Entries shown section start
(* Let $(\mathcal{L},\mathrm{Cn},\mathfrak{M})$ be an ideal logical system and let $\mathrm{FR}:2^{\mathfrak{M}}\to\mathcal{P}_{fin}(\mathcal{L})$ be a function with $\mathrm{Mod}(\mathrm{FR}(\mathbb{M}))=\mathbb{M}$ for every $\mathbb{M}\subseteq\mathfrak{M}$. Define $\mathcal{C}(\mathcal{B},M)\coloneqq\mathrm{FR}(\mathrm{Mod}(\mathcal{B})\setminus[M]^{\mathcal{L}})$ for $\mathcal{B}\in\mathcal{P}_{fin}(\mathcal{L})$ and $M\in\mathfrak{M}$. Then for every $\mathcal{B}\in\mathcal{P}_{fin}(\mathcal{L})$ and $M\in\mathfrak{M}$: (success) $M\notin\mathrm{Mod}(\mathcal{C}(\mathcal{B},M))$; (inclusion) $\mathrm{Mod}(\mathcal{C}(\mathcal{B},M))\subseteq\mathrm{Mod}(\mathcal{B})$; (retainment) if $M'\in\mathrm{Mod}(\mathcal{B})\setminus\mathrm{Mod}(\mathcal{C}(\mathcal{B},M))$ then $M'\equiv^{\mathcal{L}}M$; (extensionality) if $M\equiv^{\mathcal{L}}M'$ then $\mathcal{C}(\mathcal{B},M)=\mathcal{C}(\mathcal{B},M')$.
   Context: $\mathcal{L}$ is a language (set of formulae), $\mathfrak{M}$ a fixed set of models with a satisfaction relation $\models$ between models and formulae, and $\mathrm{Cn}$ a Tarskian consequence operator on $\mathcal{L}$. $\mathcal{P}_{fin}(\mathcal{L})$ is the set of finite subsets (bases) of $\mathcal{L}$. For $\mathcal{B}\subseteq\mathcal{L}$, $\mathrm{Mod}(\mathcal{B})=\{M\in\mathfrak{M}\mid M\models\varphi$ for all $\varphi\in\mathcal{B}\}$; $\mathrm{Mod}(\varphi)=\mathrm{Mod}(\{\varphi\})$. $M\equiv^{\mathcal{L}}M'$ iff for all $\varphi\in\mathcal{L}$, $M\models\varphi$ iff $M'\models\varphi$; $[M]^{\mathcal{L}}=\{M'\in\mathfrak{M}\mid M'\equiv^{\mathcal{L}}M\}$. The triple $(\mathcal{L},\mathrm{Cn},\mathfrak{M})$ is an ideal logical system if (1) for every $\mathcal{B}\subseteq\mathcal{L}$ and $\varphi\in\mathcal{L}$, $\varphi\in\mathrm{Cn}(\mathcal{B})$ iff $\mathrm{Mod}(\mathcal{B})\subseteq\mathrm{Mod}(\varphi)$, and (2) for every $\mathbb{M}\subseteq\mathfrak{M}$ there is a finite $\mathcal{B}\subseteq\mathcal{L}$ with $\mathrm{Mod}(\mathcal{B})=\mathbb{M}$. *)

theory Defs
  imports Main
begin

definition Mod :: "'m set \<Rightarrow> ('m \<Rightarrow> 'f \<Rightarrow> bool) \<Rightarrow> 'f set \<Rightarrow> 'm set" where
  "Mod Ms sat B = {M \<in> Ms. \<forall>\<phi>\<in>B. sat M \<phi>}"

definition Mod1 :: "'m set \<Rightarrow> ('m \<Rightarrow> 'f \<Rightarrow> bool) \<Rightarrow> 'f \<Rightarrow> 'm set" where
  "Mod1 Ms sat \<phi> = Mod Ms sat {\<phi>}"

definition equivL :: "'f set \<Rightarrow> ('m \<Rightarrow> 'f \<Rightarrow> bool) \<Rightarrow> 'm \<Rightarrow> 'm \<Rightarrow> bool" where
  "equivL L sat M M' \<longleftrightarrow> (\<forall>\<phi>\<in>L. sat M \<phi> \<longleftrightarrow> sat M' \<phi>)"

definition eqclass :: "'f set \<Rightarrow> 'm set \<Rightarrow> ('m \<Rightarrow> 'f \<Rightarrow> bool) \<Rightarrow> 'm \<Rightarrow> 'm set" where
  "eqclass L Ms sat M = {M' \<in> Ms. equivL L sat M' M}"

definition tarskian :: "'f set \<Rightarrow> ('f set \<Rightarrow> 'f set) \<Rightarrow> bool" where
  "tarskian L Cn \<longleftrightarrow>
     (\<forall>B\<subseteq>L. B \<subseteq> Cn B \<and> Cn B \<subseteq> L) \<and>
     (\<forall>A B. A \<subseteq> B \<and> B \<subseteq> L \<longrightarrow> Cn A \<subseteq> Cn B) \<and>
     (\<forall>B\<subseteq>L. Cn (Cn B) = Cn B)"

definition ideal_logical_system ::
  "'f set \<Rightarrow> ('f set \<Rightarrow> 'f set) \<Rightarrow> 'm set \<Rightarrow> ('m \<Rightarrow> 'f \<Rightarrow> bool) \<Rightarrow> bool" where
  "ideal_logical_system L Cn Ms sat \<longleftrightarrow>
     tarskian L Cn \<and>
     (\<forall>B\<subseteq>L. \<forall>\<phi>\<in>L. \<phi> \<in> Cn B \<longleftrightarrow> Mod Ms sat B \<subseteq> Mod1 Ms sat \<phi>) \<and>
     (\<forall>MM\<subseteq>Ms. \<exists>B. finite B \<and> B \<subseteq> L \<and> Mod Ms sat B = MM)"

end

theory Submission
  imports Defs
begin

(* Since FR realises every set of models, the models of C B M are exactly Mod B with the
   L-equivalence class of M removed; the four postulates are read off this description. *)

lemma Mod_subset_models: "Mod Ms sat B \<subseteq> Ms"
  by (auto simp: Mod_def)

lemma self_in_eqclass: "M \<in> Ms \<Longrightarrow> M \<in> eqclass L Ms sat M"
  by (simp add: eqclass_def equivL_def)

lemma eqclass_cong: "equivL L sat M M' \<Longrightarrow> eqclass L Ms sat M = eqclass L Ms sat M'"
  by (auto simp: eqclass_def equivL_def)

lemma Mod_FR_remove_eqclass:
  assumes "\<And>MM. MM \<subseteq> Ms \<Longrightarrow> Mod Ms sat (FR MM) = MM"
  shows "Mod Ms sat (FR (Mod Ms sat B - eqclass L Ms sat M)) = Mod Ms sat B - eqclass L Ms sat M"
  by (rule assms, rule order_trans[OF Diff_subset Mod_subset_models])

theorem mainTheorem7:
  fixes L :: "'f set" and Cn :: "'f set \<Rightarrow> 'f set" and Ms :: "'m set"
    and sat :: "'m \<Rightarrow> 'f \<Rightarrow> bool" and FR :: "'m set \<Rightarrow> 'f set"
    and C :: "'f set \<Rightarrow> 'm \<Rightarrow> 'f set"
  assumes ideal: "ideal_logical_system L Cn Ms sat"
    and FR_fin: "\<And>MM. MM \<subseteq> Ms \<Longrightarrow> finite (FR MM) \<and> FR MM \<subseteq> L"
    and FR_mod: "\<And>MM. MM \<subseteq> Ms \<Longrightarrow> Mod Ms sat (FR MM) = MM"
    and C_def: "\<And>B M. C B M = FR (Mod Ms sat B - eqclass L Ms sat M)"
    and B_fin: "finite B" and B_L: "B \<subseteq> L" and M_in: "M \<in> Ms"
  shows "M \<notin> Mod Ms sat (C B M)
     \<and> Mod Ms sat (C B M) \<subseteq> Mod Ms sat B
     \<and> (\<forall>M'. M' \<in> Mod Ms sat B - Mod Ms sat (C B M) \<longrightarrow> equivL L sat M' M)
     \<and> (\<forall>M'\<in>Ms. equivL L sat M M' \<longrightarrow> C B M = C B M')"
proof -
  have Mod_C: "Mod Ms sat (C B X) = Mod Ms sat B - eqclass L Ms sat X" for X
    unfolding C_def using Mod_FR_remove_eqclass[OF FR_mod] .
  have success: "M \<notin> Mod Ms sat (C B M)"
    unfolding Mod_C using self_in_eqclass[OF M_in] by blast
  have inclusion: "Mod Ms sat (C B M) \<subseteq> Mod Ms sat B"
    unfolding Mod_C by blast
  have retainment: "\<forall>M'. M' \<in> Mod Ms sat B - Mod Ms sat (C B M) \<longrightarrow> equivL L sat M' M"
    unfolding Mod_C by (auto simp: eqclass_def)
  have extensionality: "\<forall>M'\<in>Ms. equivL L sat M M' \<longrightarrow> C B M = C B M'"
    unfolding C_def using eqclass_cong by metis
  show ?thesis
    using success inclusion retainment extensionality by blast
qed

end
Entries shown section end
Exercise aim - Reproduce, word for word and in full, only the lines above that start at the line with "tarskian L Cn \<and>" and run through the line with "by (auto simp: Mod_def)", both ends included.

Task solution -
     tarskian L Cn \<and>
     (\<forall>B\<subseteq>L. \<forall>\<phi>\<in>L. \<phi> \<in> Cn B \<longleftrightarrow> Mod Ms sat B \<subseteq> Mod1 Ms sat \<phi>) \<and>
     (\<forall>MM\<subseteq>Ms. \<exists>B. finite B \<and> B \<subseteq> L \<and> Mod Ms sat B = MM)"

end

theory Submission
  imports Defs
begin

(* Since FR realises every set of models, the models of C B M are exactly Mod B with the
   L-equivalence class of M removed; the four postulates are read off this description. *)

lemma Mod_subset_models: "Mod Ms sat B \<subseteq> Ms"
  by (auto simp: Mod_def)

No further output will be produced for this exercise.